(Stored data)
────

(* Fix $n\in\mathbb Z_{\ge2}$ and $k\in\mathbb Z_{\ge1}$. There exists a constant $C=C(k,n)$ such that for every walk $w=(e_1,\dots,e_j)$, $j\ge1$, in the coloured overlap graph $\mathcal{O}v_c(k,\searrow_n)$, there exist a (possibly empty) walk $w'$ in $\mathcal{O}v_c(k,\searrow_n)$ with $|w'|\le C$ and a permutation $\sigma\in\mathrm{Av}(\searrow_n)$ of size $j+k-1+|w'|$ such that $W^c_k(\sigma)=w'\bullet w$.
   Context: $\searrow_n=n(n-1)\cdots1$. For $I=\{i_1<\dots<i_j\}$, $\mathrm{pat}_I(\sigma)$ is the unique permutation with entries in the same relative order as $\sigma(i_1),\dots,\sigma(i_j)$; $\mathrm{Av}_m(\searrow_n)$ is the set of size-$m$ permutations $\sigma$ with no $I$ such that $\mathrm{pat}_I(\sigma)=\searrow_n$ ($\mathrm{Av}_0$ is the empty permutation), $\mathrm{Av}(\searrow_n)$ their union over $m\ge1$. A colouring of $\sigma\in\mathcal S_m$ is a map $\mathfrak c:[m]\to\mathbb Z_{\ge1}$; restriction $\mathrm{pat}_I(\sigma,\mathfrak c)=(\mathrm{pat}_I(\sigma),\mathfrak c')$ with $\mathfrak c'(\ell)=\mathfrak c(i_\ell)$; $\mathrm{be}_j=\mathrm{pat}_{\{1,\dots,j\}}$, $\mathrm{en}_j=\mathrm{pat}_{\{m-j+1,\dots,m\}}$. The RITMO colouring $\mathbb C(\sigma)$ processes indices in decreasing order of value, giving index $i$ the smallest positive integer $c$ such that no already coloured index $j<i$ has colour $c$ (equivalently: colour 1 on left-to-right maxima, colour 2 on left-to-right maxima of the remaining entries, etc.); $\mathbb S(\sigma)=(\sigma,\mathbb C(\sigma))$. A coloured permutation $(\pi,\mathfrak c)$ with $\pi\in\mathrm{Av}_k(\searrow_n)$ is inherited if there is $\sigma\in\mathrm{Av}(\searrow_n)$ with $|\sigma|\ge k$ and $\mathrm{en}_k(\mathbb S(\sigma))=(\pi,\mathfrak c)$; $\mathcal C_{n-1}(k)$ is the set of these. The coloured overlap graph $\mathcal{O}v_c(k,\searrow_n)$ has vertex set $\mathcal C_{n-1}(k-1)$, edge set $\mathcal C_{n-1}(k)$, the edge $(\pi,\mathfrak c)$ going from $\mathrm{be}_{k-1}(\pi,\mathfrak c)$ to $\mathrm{en}_{k-1}(\pi,\mathfrak c)$. A walk is a sequence of edges with each arrival vertex equal to the next start vertex; $|w|$ is its number of edges; $w'\bullet w$ is concatenation (defined when the last edge of $w'$ ends where the first edge of $w$ starts, or $w'$ empty). For $\sigma\in\mathrm{Av}_m(\searrow_n)$, $m\ge k$, the coloured walk is $W^c_k(\sigma)=(\mathrm{pat}_{\{1,\dots,k\}}(\mathbb S(\sigma)),\dots,\mathrm{pat}_{\{m-k+1,\dots,m\}}(\mathbb S(\sigma)))$, a walk of size $m-k+1$ in $\mathcal{O}v_c(k,\searrow_n)$. *)

theory Defs
  imports Main
begin

text \<open>Permutations of size m are lists whose entries are exactly 1..m (positions are 0-based).
A coloured permutation is a pair (permutation, list of colours) of equal length.\<close>

definition is_perm :: "nat list \<Rightarrow> bool" where
  "is_perm \<sigma> \<longleftrightarrow> distinct \<sigma> \<and> set \<sigma> = {1..length \<sigma>}"

definition std :: "nat list \<Rightarrow> nat list" where
  "std xs = map (\<lambda>x. card {y \<in> set xs. y \<le> x}) xs"

definition pat :: "nat set \<Rightarrow> nat list \<Rightarrow> nat list" where
  "pat I \<sigma> = std (nths \<sigma> I)"
(* For integers $1\le r<n$, $$\mathrm{LE}(n)\cap\left(\frac{n!}{r+1},\,n!\right]=\left\{\frac{n!}{r!}\,\ell:\ \ell\in \mathrm{LE}(r)\cap\left(\frac{r!}{r+1},\,r!\right]\right\}.$$
   Context: All posets are finite. For a finite poset $P$, $\mathrm{ext}(P)$ denotes the number of linear extensions of $P$. For a positive integer $n$, $\mathrm{LE}(n)=\{\mathrm{ext}(P): P \text{ a poset with } |P|=n\}$. *)

theory Defs
  imports Complex_Main
begin

definition is_poset :: "'a set \<Rightarrow> 'a rel \<Rightarrow> bool" where
  "is_poset A R \<longleftrightarrow> finite A \<and> R \<subseteq> A \<times> A \<and> partial_order_on A R"

definition ext :: "'a set \<Rightarrow> 'a rel \<Rightarrow> nat" where
  "ext A R = card {L. linear_order_on A L \<and> L \<subseteq> A \<times> A \<and> R \<subseteq> L}"

text \<open>Every n-element poset is isomorphic to one on {0..<n}.\<close>
definition LE :: "nat \<Rightarrow> nat set" where
  "LE n = {ext {0..<n} R | R. is_poset {0..<n} R}"

end

(*
  Let P be a poset on n elements of which m are comparable to some other element. The
  remaining n - m elements are free, so e(P) = n!/m! * e(P|M) for the set M of the m
  non-isolated elements, and a poset without isolated elements satisfies e <= m!/m: either
  some element can be deleted without isolating anything, and it has at most m - 1 admissible
  positions, or the poset splits off a comparable pair. Hence e(P) <= n!/m, so e(P) > n!/(r+1)
  forces m <= r; enlarging M by isolated elements to an r-set S gives e(P) = n!/r! * e(P|S).
  Conversely, adjoining n - r isolated elements to an r-element poset multiplies e by n!/r!.
*)

theory Submission
  imports Defs "HOL-Combinatorics.Multiset_Permutations"
begin

section \<open>Linear extensions as lists\<close>

definition is_linext :: "'a rel \<Rightarrow> 'a list \<Rightarrow> bool" where
  "is_linext R xs \<longleftrightarrow> sorted_wrt (\<lambda>a b. (b, a) \<notin> R) xs"

text \<open>A linear extension of \<open>R\<close> on \<open>A\<close> is represented by the list of \<open>A\<close> in increasing
  order; \<open>ext_eq_num_linexts\<close> identifies the two counts.\<close>

definition linexts :: "'a rel \<Rightarrow> 'a set \<Rightarrow> 'a list set" where
  "linexts R A = {xs \<in> permutations_of_set A. is_linext R xs}"

definition num_linexts :: "'a rel \<Rightarrow> 'a set \<Rightarrow> nat" where
  "num_linexts R A = card (linexts R A)"

lemma is_linext_Nil [simp]: "is_linext R []"
  by (simp add: is_linext_def)

lemma is_linext_Cons [simp]:
  "is_linext R (x # xs) \<longleftrightarrow> (\<forall>b\<in>set xs. (b, x) \<notin> R) \<and> is_linext R xs"
  by (auto simp: is_linext_def)

lemma is_linext_filter: "is_linext R xs \<Longrightarrow> is_linext R (filter P xs)"
  unfolding is_linext_def by (rule sorted_wrt_filter)

lemma is_linext_map:
  assumes "\<And>a b. a \<in> set xs \<Longrightarrow> b \<in> set xs \<Longrightarrow> (g a, g b) \<in> R \<longleftrightarrow> (a, b) \<in> Q"
  shows "is_linext R (map g xs) \<longleftrightarrow> is_linext Q xs"
  using assms by (induction xs) auto

lemma finite_linexts [simp]: "finite (linexts R A)"
  by (simp add: linexts_def)

lemma mem_linexts_iff:
  "xs \<in> linexts R A \<longleftrightarrow> distinct xs \<and> set xs = A \<and> is_linext R xs"
  by (auto simp: linexts_def permutations_of_set_def)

────

= ABOUT THIS EXERCISE =
Report the number of lines in the entries that hold the word "comparable". Nothing else is wanted.

= SOLUTION FOR THIS PROBLEM =
2